Treedeon on Thee Facebooks

Exile on Mainstream website

 

Falun Gong, Figure 1

Falun Gong Figure 1

There are some post-Electric Wizard shades that emerge in the debut single from London’s Falun Gong by the time it reaches its feedback-soaked finale, but really, “Figure 1” is much more about digging into its own cultistry than that of the Obornian sort. Still, the overarching impression is somewhat familiar, and will be particularly to those who were fans of The Wounded Kings, but the duo who remain anonymous present themselves with a clearheaded intent toward maximum sonic murk, and with the lumbering misery they trod out in “Figure 1,” they seem to achieve what they’re going for. I don’t know who they are, but I’d guess this isn’t their first band, and as crowded as London’s heavy underground has become over the course of this decade, acts like Falun Gong are fewer and farther between than some others, and during these 10 minutes, they make a striking first impression. One hopes for “Figure 2” sooner rather than later.

Falun Gong on Bandcamp

 

Spider Kitten, Concise and Sinister

http://theobelisk.net/obelisk/wp-content/uploads/2018/03/spider-kitten-concise-and-sinister.jpg

Intended as a thematic continuation to some degree of 2016’s Ark of Oktofelis, the four-song Concise and Sinister finds long-running multi-genre UK outfit Spider Kitten bookending two extended crushers around two shorter pieces, one of which is a cover of Hank Williams’ “Alone and Forsaken” (also memorably done by 16 Horsepower) and the other of which is a noise-punk assault that lasts 46 seconds and is called “I’m Feeling So Much Better.” Whether fast or slow, loud or quiet, the intention of Spider Kitten doesn’t seem even at its most abrasive to be to punish so much as to challenge, and whether it’s the cinematic elements dug into the march of opener and longest track (immediate points) “A Glorious Retreat” (11:33) or the harmonies that accompany especially-doomed 10-minute closer “Martyr’s Breath,” Spider Kitten and founder Chi Lameo demonstrate a creativity acknowledging that bounds exist and then simply refusing to accept them, making even the familiar seem unfamiliar in the process.
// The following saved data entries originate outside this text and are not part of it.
(* Let $x,v$ be positive integers with $xv\ge3$, and let $\lambda=(x,x,\dots,x)$ consist of $v$ copies of $x$ (so $n=vx$). Then $P(\lambda)\setminus\{0\}$ is isomorphic to the poset whose elements are \[ \{(r,p)\in\mathbb{Z}^2:0\le r<x,\ 0\le p<v\}\setminus\{(0,0),(x-1,v-1)\}, \] with strict order relation $(r,p)\prec(r',p')$ if and only if both $p>p'$ and $r'>r$.
   Context: For a vector $\lambda=(\lambda_1,\dots,\lambda_d)$ of positive integers with sum $n\ge2$, $\Delta_\lambda=\mathrm{conv}(e_1,\dots,e_d,\lambda)\subset\mathbb{R}^d$ has fundamental parallelepiped $\Pi_\lambda=\{\sum_{i=1}^d\gamma_i(1,e_i)+\gamma_{d+1}(1,\lambda):0\le\gamma_i<1\}\subset\mathbb{R}^{d+1}$. $P(\lambda)$ is $\Pi_\lambda\cap\mathbb{Z}^{d+1}$ ordered by $\sigma\preceq\mu$ iff $\mu-\sigma\in\Pi_\lambda\cap\mathbb{Z}^{d+1}$; the origin $0$ is its minimum. *)

theory Defs
  imports Complex_Main
begin

text \<open>Points of Z^(d+1) are encoded as functions nat => int, with coordinates
  indexed 0..d and value 0 outside {0..d}.  The vector lambda = (lambda_1,...,lambda_d)
  is a function nat => int, only its values at 1..d matter.
  The generators of the parallelepiped are (1,e_i) for i = 1..d and (1,lambda);
  coordinate 0 is the leading "1" coordinate.\<close>

definition in_Pi :: "nat \<Rightarrow> (nat \<Rightarrow> int) \<Rightarrow> (nat \<Rightarrow> int) \<Rightarrow> bool" where
  "in_Pi d lam z \<longleftrightarrow>
     (\<forall>j>d. z j = 0) \<and>
     (\<exists>\<gamma>::nat \<Rightarrow> real.
        (\<forall>i\<in>{1..d+1}. 0 \<le> \<gamma> i \<and> \<gamma> i < 1) \<and>
        real_of_int (z 0) = (\<Sum>i=1..d+1. \<gamma> i) \<and>
        (\<forall>j\<in>{1..d}. real_of_int (z j) = \<gamma> j + \<gamma> (d+1) * real_of_int (lam j)))"

definition P_lambda :: "nat \<Rightarrow> (nat \<Rightarrow> int) \<Rightarrow> (nat \<Rightarrow> int) set" where
  "P_lambda d lam = {z. in_Pi d lam z}"

definition P_le :: "nat \<Rightarrow> (nat \<Rightarrow> int) \<Rightarrow> (nat \<Rightarrow> int) \<Rightarrow> (nat \<Rightarrow> int) \<Rightarrow> bool" where
  "P_le d lam \<sigma> \<mu> \<longleftrightarrow> \<sigma> \<in> P_lambda d lam \<and> \<mu> \<in> P_lambda d lam \<and>
       (\<lambda>j. \<mu> j - \<sigma> j) \<in> P_lambda d lam"

definition Q_set :: "nat \<Rightarrow> nat \<Rightarrow> (int \<times> int) set" where
  "Q_set x v = {(r,p). 0 \<le> r \<and> r < int x \<and> 0 \<le> p \<and> p < int v}
                - {(0,0), (int x - 1, int v - 1)}"

definition Q_less :: "int \<times> int \<Rightarrow> int \<times> int \<Rightarrow> bool" where
  "Q_less a b \<longleftrightarrow> snd a > snd b \<and> fst b > fst a"

end

theory Submission
  imports Defs
begin

text \<open>For \<lambda> = (x, \<dots>, x) the coefficients of (1, e_1), \<dots>, (1, e_v) in a lattice point of the
  parallelepiped must all agree, say with t, so the point is (h, c, \<dots>, c) with c = t + g x and
  h = v t + g, where g is the coefficient of (1, \<lambda>).  Solving, (x v - 1) g = v c - h and
  (x v - 1) t = x h - c, so the lattice points correspond to the integer pairs (c, h) with v c - h
  and x h - c in [0, x v - 2].  These are (0, 0) together with the box 1 \<le> c \<le> x, 1 \<le> h \<le> v
  minus its corners (1, v) and (x, 1); the map (c, h) \<mapsto> (c - 1, v - h) sends them onto Q, and
  since the order of P(\<lambda>) is defined through differences, which again have this form, it
  becomes the stated order on Q.\<close>

lemma ex_rel_iso_inverse:
  assumes g: "bij_betw g A B" and rel: "\<And>a b. a \<in> A \<Longrightarrow> b \<in> A \<Longrightarrow> R (g a) (g b) \<longleftrightarrow> S a b"
  shows "\<exists>f. bij_betw f B A \<and> (\<forall>x\<in>B. \<forall>y\<in>B. R x y \<longleftrightarrow> S (f x) (f y))"
proof (intro exI conjI ballI)
  show "bij_betw (inv_into A g) B A" using g by (rule bij_betw_inv_into)
  fix x y assume "x \<in> B" "y \<in> B"
  then have "inv_into A g x \<in> A" "inv_into A g y \<in> A"
    and "g (inv_into A g x) = x" "g (inv_into A g y) = y"
    using g by (auto intro: bij_betw_apply[OF bij_betw_inv_into] bij_betw_inv_into_right)
  with rel show "R x y \<longleftrightarrow> S (inv_into A g x) (inv_into A g y)" by metis
qed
Spider Kitten on Thee Facebooks

Spider Kitten on Bandcamp

 

Greynbownes, Grey Rainbow from Bones

greynbownes grey rainbow from bones

Comprised of guitarist, vocalist and songwriter Lukas, bassist Martin and drummer Jakub, Greynbownes hail from Moravia in the Czech Republic and the moniker-explaining Grey Rainbow from Bones is their self-issued debut full-length. It is comprised of nine tracks of inventive heavy rock, pulling elements from grunge and ‘90s-era stoner noise on cuts like “Across the Bones” while veering into fare more aggressive, or psychedelic or jammy in the trio of six-minute tracks “Seasons,” “Death of Autumn Leaves” and “B 612” that precedes the closing duo of the funky “Sitting at the Top” and the mellow-but-still-heavy finisher “Weight of Sky,” which feels far removed from the opening salvo of “Boat of Fools,” the fuzz-punker “Madness” and the fuckall-chug of “What is at Stake.” Yes, it’s all over the place, and one might expect Greynbownes’ sound to solidify over time, but to the trio’s credit, Grey Rainbow from Bones never flies apart in the way that it seems at multiple points it might, and that’s an encouraging sign.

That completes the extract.